The little-known ISA rule
Did you know that you can inherit ISA savings? New rules initially came into force in April 2015, and were updated in April 2018, that effectively mean ISA assets can now be passed on to spouses or civil partners and retain their tax-friendly status.
Under the previous system, when someone died any savings held in an ISA automatically lost their tax-free status, and the tax benefits were lost forever. This meant that the surviving partner would have to start paying tax on any returns or income earned from these savings and investments, which could add up to a significant sum if the ISA holder had been saving for many years.
This allowance is called the Additional Permitted Subscription (APS) and is available to a surviving spouse or civil partner. Essentially, the rules mean that the tax-efficiency of the deceased’s ISA won’t be lost when the surviving partner makes use of their APS allowance, and that they’ll continue to benefit from the tax efficiencies of the investments that could well have been saved together.

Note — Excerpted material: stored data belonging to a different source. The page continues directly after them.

text \<open>Reflecting \<open>(j, l, r) \<mapsto> (h - j, k - l, q - r)\<close> turns \<open>(-x, -y)\<close> into
  \<open>(x - 2, y - 2)\<close>, and \<open>T0\<close> is 1-periodic in both arguments.\<close>
lemma sum_T0_reflect:
  assumes "dirichlet_char h \<phi>" "dirichlet_char k \<theta>" "dirichlet_char q \<psi>"
  shows "(\<Sum>j = 1..<h. \<Sum>l = 1..<k. \<Sum>r = 1..<q.
            cnj (\<phi> (int j)) * cnj (\<theta> (int l)) * cnj (\<psi> (int r)) *
            T0 a b (- (real j / real h + real r / real q))
                   (- (real l / real k + real r / real q))) =
         cnj (\<phi> (-1) * \<theta> (-1) * \<psi> (-1)) *
         (\<Sum>j = 1..<h. \<Sum>l = 1..<k. \<Sum>r = 1..<q.
            cnj (\<phi> (int j)) * cnj (\<theta> (int l)) * cnj (\<psi> (int r)) *
            T0 a b (real j / real h + real r / real q) (real l / real k + real r / real q))"
proof -
  have pos: "h > 0" "k > 0" "q > 0" using assms by (simp_all add: dirichlet_char_pos)
  define c where "c j l r = cnj (\<phi> (int j)) * cnj (\<theta> (int l)) * cnj (\<psi> (int r))" for j l r
  define X where "X j r = real j / real h + real r / real q" for j r
  define Y where "Y l r = real l / real k + real r / real q" for l r
  define F where "F j l r = c j l r * T0 a b (- X j r) (- Y l r)" for j l r
  have "(\<Sum>j = 1..<h. \<Sum>l = 1..<k. \<Sum>r = 1..<q. F j l r) =
        (\<Sum>j = 1..<h. \<Sum>l = 1..<k. \<Sum>r = 1..<q. F (h - j) (k - l) (q - r))"
    by (subst sum_atLeast1_lessThan_reflect[of _ h], rule sum.cong[OF refl],
        subst sum_atLeast1_lessThan_reflect[of _ k], rule sum.cong[OF refl],
        subst sum_atLeast1_lessThan_reflect[of _ q], rule refl)
  also have "\<dots> = (\<Sum>j = 1..<h. \<Sum>l = 1..<k. \<Sum>r = 1..<q.
      cnj (\<phi> (-1) * \<theta> (-1) * \<psi> (-1)) * (c j l r * T0 a b (X j r) (Y l r)))"
  proof (intro sum.cong refl)
    fix j l r assume "j \<in> {1..<h}" "l \<in> {1..<k}" "r \<in> {1..<q}"
    then have j: "j \<le> h" and l: "l \<le> k" and r: "r \<le> q" by simp_all
    have "c (h - j) (k - l) (q - r) = cnj (\<phi> (-1) * \<theta> (-1) * \<psi> (-1)) * c j l r"
      unfolding c_def dirichlet_char_diff[OF assms(1) j] dirichlet_char_diff[OF assms(2) l]
        dirichlet_char_diff[OF assms(3) r]
      by (simp only: complex_cnj_mult mult_ac)
    moreover have "- X (h - j) (q - r) = X j r + of_int (-2)"
      and "- Y (k - l) (q - r) = Y l r + of_int (-2)"
      using j l r pos by (simp_all add: X_def Y_def of_nat_diff field_simps)
    ultimately show "F (h - j) (k - l) (q - r) =
        cnj (\<phi> (-1) * \<theta> (-1) * \<psi> (-1)) * (c j l r * T0 a b (X j r) (Y l r))"
      by (simp only: F_def T0_add_int mult.assoc)
  qed
  finally show ?thesis by (simp only: F_def c_def X_def Y_def sum_distrib_left)
qed

theorem proposition2:
  fixes h k q a b :: nat and \<phi> \<theta> \<psi> :: "int \<Rightarrow> complex"
  assumes "primitive_char h \<phi>" and "primitive_char k \<theta>" and "primitive_char q \<psi>"
    and "a \<ge> 1" and "b \<ge> 1"
    and convL: "convergent (L0_partial a b \<phi> \<theta> \<psi>)"
    and convT: "\<And>j l r. j \<in> {1..<h} \<Longrightarrow> l \<in> {1..<k} \<Longrightarrow> r \<in> {1..<q} \<Longrightarrow>
        convergent (T0_partial a b (real j / real h + real r / real q)
                                   (real l / real k + real r / real q)) \<and>
        convergent (T0_partial a b (- (real j / real h + real r / real q))
                                   (- (real l / real k + real r / real q)))"
    and parity: "\<phi> (-1) * \<theta> (-1) * \<psi> (-1) = (-1) ^ (a + b + 1)"
  shows "gauss_sum h (\<lambda>n. cnj (\<phi> n)) * gauss_sum k (\<lambda>n. cnj (\<theta> n)) *
           gauss_sum q (\<lambda>n. cnj (\<psi> n)) * L0 a b \<phi> \<theta> \<psi> =
         (\<Sum>j = 1..<h. \<Sum>l = 1..<k. \<Sum>r = 1..<q.
            cnj (\<phi> (int j)) * cnj (\<theta> (int l)) * cnj (\<psi> (int r)) *
            U a b (real j / real h + real r / real q) (real l / real k + real r / real q))"
proof -
  define S where "S = (\<Sum>j = 1..<h. \<Sum>l = 1..<k. \<Sum>r = 1..<q.
      cnj (\<phi> (int j)) * cnj (\<theta> (int l)) * cnj (\<psi> (int r)) *
      T0 a b (real j / real h + real r / real q) (real l / real k + real r / real q))"
  define S' where "S' = (\<Sum>j = 1..<h. \<Sum>l = 1..<k. \<Sum>r = 1..<q.
      cnj (\<phi> (int j)) * cnj (\<theta> (int l)) * cnj (\<psi> (int r)) *
      T0 a b (- (real j / real h + real r / real q)) (- (real l / real k + real r / real q)))"
  define s :: complex where "s = (-1) ^ (a + b)"
  have "s * s = 1" by (simp add: s_def power_mult_distrib[symmetric])
  have char: "dirichlet_char h \<phi>" "dirichlet_char k \<theta>" "dirichlet_char q \<psi>"
    using assms(1-3) by (simp_all add: primitive_char_def)
  have "cnj (\<phi> (-1) * \<theta> (-1) * \<psi> (-1)) = - s" by (simp add: parity s_def)
  then have reflect: "S' = - s * S"
    unfolding S_def S'_def by (simp only: sum_T0_reflect[OF char])
  have "gauss_sum h (\<lambda>n. cnj (\<phi> n)) * gauss_sum k (\<lambda>n. cnj (\<theta> n)) *
      gauss_sum q (\<lambda>n. cnj (\<psi> n)) * L0 a b \<phi> \<theta> \<psi> = S"
    unfolding S_def by (rule gauss_sums_times_L0[OF assms(1-3) convL]) (use convT in blast)
  also have "\<dots> = (S - s * S') / 2" using \<open>s * s = 1\<close> by (simp add: reflect mult.assoc[symmetric])
  also have "\<dots> = (\<Sum>j = 1..<h. \<Sum>l = 1..<k. \<Sum>r = 1..<q.
      cnj (\<phi> (int j)) * cnj (\<theta> (int l)) * cnj (\<psi> (int r)) *
      U a b (real j / real h + real r / real q) (real l / real k + real r / real q))"
    unfolding S_def S'_def U_def s_def[symmetric]
    by (simp only: sum_distrib_left sum_subtractf sum_divide_distrib diff_divide_distrib
        right_diff_distrib times_divide_eq_right mult.left_commute)
  finally show ?thesis .
qed

end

In the event of death after 5 April 2018, the APS value is the higher of value of the deceased’s ISA holdings at either date of death, or at completion of the estate administration or earlier closure. APS counts as a previous year ISA subscription and is available to the surviving partner on top of their own allowance. Where the deceased held ISAs with a number of different managers the widowed partner will have APS limits with each manager.
This change in rules has opened up a new world of possibilities in financial planning, particularly around retirement and estate planning. Even at modest levels, this additional allowance can save significant tax for the surviving spouse or civil partner.